Comenzaba a surgir un patrón: las líneas de falla en la Sierra El Aguaje ―donde las rocas se friccionan unas contra otras― comúnmente corresponden con los ojos de agua.Este concepto no es nuevo para los geólogos. El agua subterránea puede fluir más fácilmente a lo largo de las zonas de falla, donde la masa de roca se rompe y se hace más permeable. Millones de años de trituración y molienda, durante cientos o miles de terremotos, hacen que las rocas adyacentes a las zonas de fallas a exhiban una mayor cantidad fracturas dentro de una red más conectada. Esta red de fracturas, si no cementado y bloqueado por la precipitación de líquidos ricos en minerales, puede servir como un conducto para la migración de agua dulce en el subsuelo. Si las condiciones hidrológicas son las correctas, esta agua subterránea puede llegar a la superficie, formando manantiales de agua dulce (foto 3).
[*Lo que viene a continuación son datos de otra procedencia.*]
(* For every ribbon graph $\mathbb{G}$, the $\Delta$-matroid $D(\mathbb{G})=(E(\mathbb{G}),\mathcal{Q}(\mathbb{G}))$ is strong.
   Context: A ribbon graph $\mathbb{G}$ is a surface with boundary written as the union of vertex discs $V(\mathbb{G})$ and edge discs $E(\mathbb{G})$ meeting in disjoint line segments, each on the boundary of exactly one vertex and exactly one edge, with each edge containing exactly two such segments. For connected $\mathbb{G}$, a quasi-tree is $F\subseteq E(\mathbb{G})$ such that the spanning ribbon subgraph $(V(\mathbb{G}),F)$ has exactly one boundary component; in general, a union of quasi-trees of the components. $\mathcal{Q}(\mathbb{G})$ is the set of quasi-trees. A $\Delta$-matroid $(E,\mathcal{B})$ is strong if for all $B,B'\in\mathcal{B}$ and $x\in B\triangle B'$ there is $y\in B\triangle B'$ with both $B\triangle\{x,y\}\in\mathcal{B}$ and $B'\triangle\{x,y\}\in\mathcal{B}$. *)

theory Defs
  imports Main
begin

text \<open>Each edge e has two ends (i :: bool); the end (e,i) is attached to the vertex
  disc rinc G e i along a line segment.  Each attaching segment has two endpoints
  ("corners") (e,i,j), j :: bool.  Going around the boundary circle of a vertex
  disc one alternately traverses attaching segments (joining (e,i,j) to (e,i,~j))
  and free vertex-boundary arcs; ralpha G pairs the two endpoints of each free
  vertex-boundary arc.  The two non-attached sides of the edge rectangle of e join
  (e,False,j) to (e,True,j) if e is untwisted and to (e,True,~j) if e is twisted.\<close>

type_synonym 'e corner = "'e \<times> bool \<times> bool"

record ('v, 'e) ribbon_graph =
  rverts :: "'v set"
  redges :: "'e set"
  rinc   :: "'e \<Rightarrow> bool \<Rightarrow> 'v"
  ralpha :: "'e corner \<Rightarrow> 'e corner"
  rtwist :: "'e \<Rightarrow> bool"

definition corners_of :: "'e set \<Rightarrow> 'e corner set" where
  "corners_of A = {c. fst c \<in> A}"

definition cbeta :: "'e corner \<Rightarrow> 'e corner" where
  "cbeta c = (case c of (e, i, j) \<Rightarrow> (e, i, \<not> j))"

definition ceps :: "('v, 'e, 'z) ribbon_graph_scheme \<Rightarrow> 'e corner \<Rightarrow> 'e corner" where
  "ceps G c = (case c of (e, i, j) \<Rightarrow> (e, \<not> i, j \<noteq> rtwist G e))"

definition cvert :: "('v, 'e, 'z) ribbon_graph_scheme \<Rightarrow> 'e corner \<Rightarrow> 'v" where
  "cvert G c = (case c of (e, i, j) \<Rightarrow> rinc G e i)"

definition vertex_circle_rel :: "('v, 'e, 'z) ribbon_graph_scheme \<Rightarrow> ('e corner \<times> 'e corner) set" where
  "vertex_circle_rel G =
     {(c, d). c \<in> corners_of (redges G) \<and> (d = ralpha G c \<or> d = cbeta c)}"

definition ribbon_graph :: "('v, 'e, 'z) ribbon_graph_scheme \<Rightarrow> bool" where
  "ribbon_graph G \<longleftrightarrow>
     finite (rverts G) \<and> finite (redges G) \<and>
     (\<forall>e \<in> redges G. \<forall>i. rinc G e i \<in> rverts G) \<and>
     (\<forall>c \<in> corners_of (redges G).
        ralpha G c \<in> corners_of (redges G) \<and> ralpha G (ralpha G c) = c \<and>
        ralpha G c \<noteq> c \<and> cvert G (ralpha G c) = cvert G c) \<and>
     (\<forall>c \<in> corners_of (redges G). \<forall>d \<in> corners_of (redges G).
        cvert G c = cvert G d \<longrightarrow> (c, d) \<in> (vertex_circle_rel G)\<^sup>*)"

definition adj_rel :: "('v, 'e, 'z) ribbon_graph_scheme \<Rightarrow> ('v \<times> 'v) set" where
  "adj_rel G = {(rinc G e i, rinc G e (\<not> i)) | e i. e \<in> redges G}"

definition components :: "('v, 'e, 'z) ribbon_graph_scheme \<Rightarrow> 'v set set" where
  "components G = rverts G // (adj_rel G)\<^sup>*"

definition edges_at :: "('v, 'e, 'z) ribbon_graph_scheme \<Rightarrow> 'v set \<Rightarrow> 'e set" where
  "edges_at G C = {e \<in> redges G. rinc G e False \<in> C \<or> rinc G e True \<in> C}"

definition isolated_in :: "('v, 'e, 'z) ribbon_graph_scheme \<Rightarrow> 'v set \<Rightarrow> 'v set" where
  "isolated_in G C = {v \<in> C. \<forall>e \<in> redges G. \<forall>i. rinc G e i \<noteq> v}"

text \<open>One step along the boundary of the spanning ribbon subgraph with edge set F:
  free vertex arcs always; attaching segments of edges not in F; free sides of edges in F.\<close>
definition bstep :: "('v, 'e, 'z) ribbon_graph_scheme \<Rightarrow> 'e set \<Rightarrow> ('e corner \<times> 'e corner) set" where
  "bstep G F = {(c, d). d = ralpha G c \<or> (fst c \<notin> F \<and> d = cbeta c) \<or> (fst c \<in> F \<and> d = ceps G c)}"

definition boundary_rel ::
  "('v, 'e, 'z) ribbon_graph_scheme \<Rightarrow> 'v set \<Rightarrow> 'e set \<Rightarrow> ('e corner \<times> 'e corner) set" where
  "boundary_rel G C F =
     {(c, d). c \<in> corners_of (edges_at G C) \<and> d \<in> corners_of (edges_at G C) \<and>
              ((c, d) \<in> bstep G F \<or> (d, c) \<in> bstep G F)}"

text \<open>Number of boundary components of the ribbon subgraph with vertex set C
  (a union of components) and edge set F \<inter> edges_at G C.\<close>
definition num_boundary_components ::
  "('v, 'e, 'z) ribbon_graph_scheme \<Rightarrow> 'v set \<Rightarrow> 'e set \<Rightarrow> nat" where
  "num_boundary_components G C F =
     card (corners_of (edges_at G C) // (boundary_rel G C (F \<inter> edges_at G C))\<^sup>*)
     + card (isolated_in G C)"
De vuelta en el Cañón de La Navaja, Darin, Bennett, y Bogan llegaron al final del cañón y fueron recompensados con el goteo de agua fresca fresca que fluye por los acantilados de rocas volcánicas de 40 m de altura que los rodeaban por tres lados (foto 8). Examinaron los estanques de agua dulce (foto 9) en busca de ranas leopardo (foto 10) e insectos acuáticos, y buscaron evidencias de fallamiento en los acantilados fracturados. Bogan notó varias libélulas (foto 12) y chinches de agua, sólo algunos de los más de 130 taxones acuáticos conocidos en La Navaja. Darin y Bennett midieron estrías casi horizontales sobre las superficies pulidas de falla, generadas por el arrastre de rocas durante los paleo-terremotos, y una clara evidencia de fallas de desgarre (foto 12). Tomaron todos los datos que pudieran acerca de cómo las rocas se han movido a lo largo de estas fallas, pero se necesitaría mucho más tiempo para documentar y caracterizar plenamente la historia geológica ―y en el caso de Bogan, la biodiversidad moderna― de esta vasta sierra.
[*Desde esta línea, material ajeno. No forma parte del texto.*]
lemma load_join_worse_if_no_upgrade_to_undersubscribed:
  assumes "\<not> upgrade_to_undersubscribed M' M l"
  shows "card (assigned_l lec (join_worse spref M M') l) = card (assigned_l lec M l)"
proof -
  have "card (assigned_l lec (join_worse spref M M') l) =
      (\<Sum>p\<in>{p\<in>P. lec p = l}. card (assigned_p (join_worse spref M M') p))"
    using load_eq_sum[OF join_worse_subset_single_valued] .
  also have "\<dots> = (\<Sum>p\<in>{p\<in>P. lec p = l}. card (assigned_p M p))"
    using assms card_assigned_p_join_worse_eq by (intro sum.cong) auto
  also have "\<dots> = card (assigned_l lec M l)"
    using load_eq_sum[OF M_subset_single_valued] ..
  finally show ?thesis .
qed

lemma load_join_worse:
  assumes "l \<in> L"
  shows "card (assigned_l lec (join_worse spref M M') l) = card (assigned_l lec M l)"
proof (cases "upgrade_to_undersubscribed M' M l")
  case True
  interpret swapped: stable_pair S P L spref lec lpref cp cl M' M
    by (rule stable_pair_swap)
  have "\<not> upgrade_to_undersubscribed M M' l"
    using True not_upgrade_to_undersubscribed_both by blast
  then show ?thesis
    using swapped.load_join_worse_if_no_upgrade_to_undersubscribed load_eq[OF assms]
    by (simp add: join_worse_commute)
qed (rule load_join_worse_if_no_upgrade_to_undersubscribed)

lemma matching_join_worse: "is_matching (join_worse spref M M')"
  unfolding matching_def
proof (intro conjI)
  show "\<forall>(s, p)\<in>join_worse spref M M'. acceptable S spref lec lpref s p"
    using join_worse_subset[of spref M M'] matching_acceptable[OF matching_M]
      matching_acceptable[OF matching_M'] by blast
  show "\<forall>s p q. (s, p) \<in> join_worse spref M M' \<longrightarrow> (s, q) \<in> join_worse spref M M' \<longrightarrow> p = q"
    using join_worse_subset_single_valued(2) unfolding single_valued_def by blast
  show "\<forall>p\<in>P. card (assigned_p (join_worse spref M M') p) \<le> cp p"
    using assigned_p_join_worse_cases matching_capacities(1)[OF matching_M]
      matching_capacities(1)[OF matching_M'] by metis
  show "\<forall>l\<in>L. card (assigned_l lec (join_worse spref M M') l) \<le> cl l"
    using load_join_worse matching_capacities(2)[OF matching_M] by simp
qed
En la caminata cuesta abajo por el Cañón de La Navaja (imagen 13), los tres científicos de campo ponderaron sus observaciones y sus nuevas conexiones multidisciplinares, y compartieron su entusiasmo por volver al desierto de Sonora estudiar más a fondo la Sierra El Aguaje. Una importante lección que aprendieron a través de esta experiencia es que es difícil, si no imposible, para observar todo simultáneamente en el desierto de Sonora (o, en todo caso, en cualquier paisaje). Los únicos patrones que somos capaces de notar son los que nos son familiares. Trabajar con científicos de diferentes disciplinas y compartir observaciones puede fomentar el surgimiento de patrones nuevos e importantes (foto 14), permitiendo que nuestros esfuerzos científicos y conocimientos colectivos avancen en nuevas direcciones.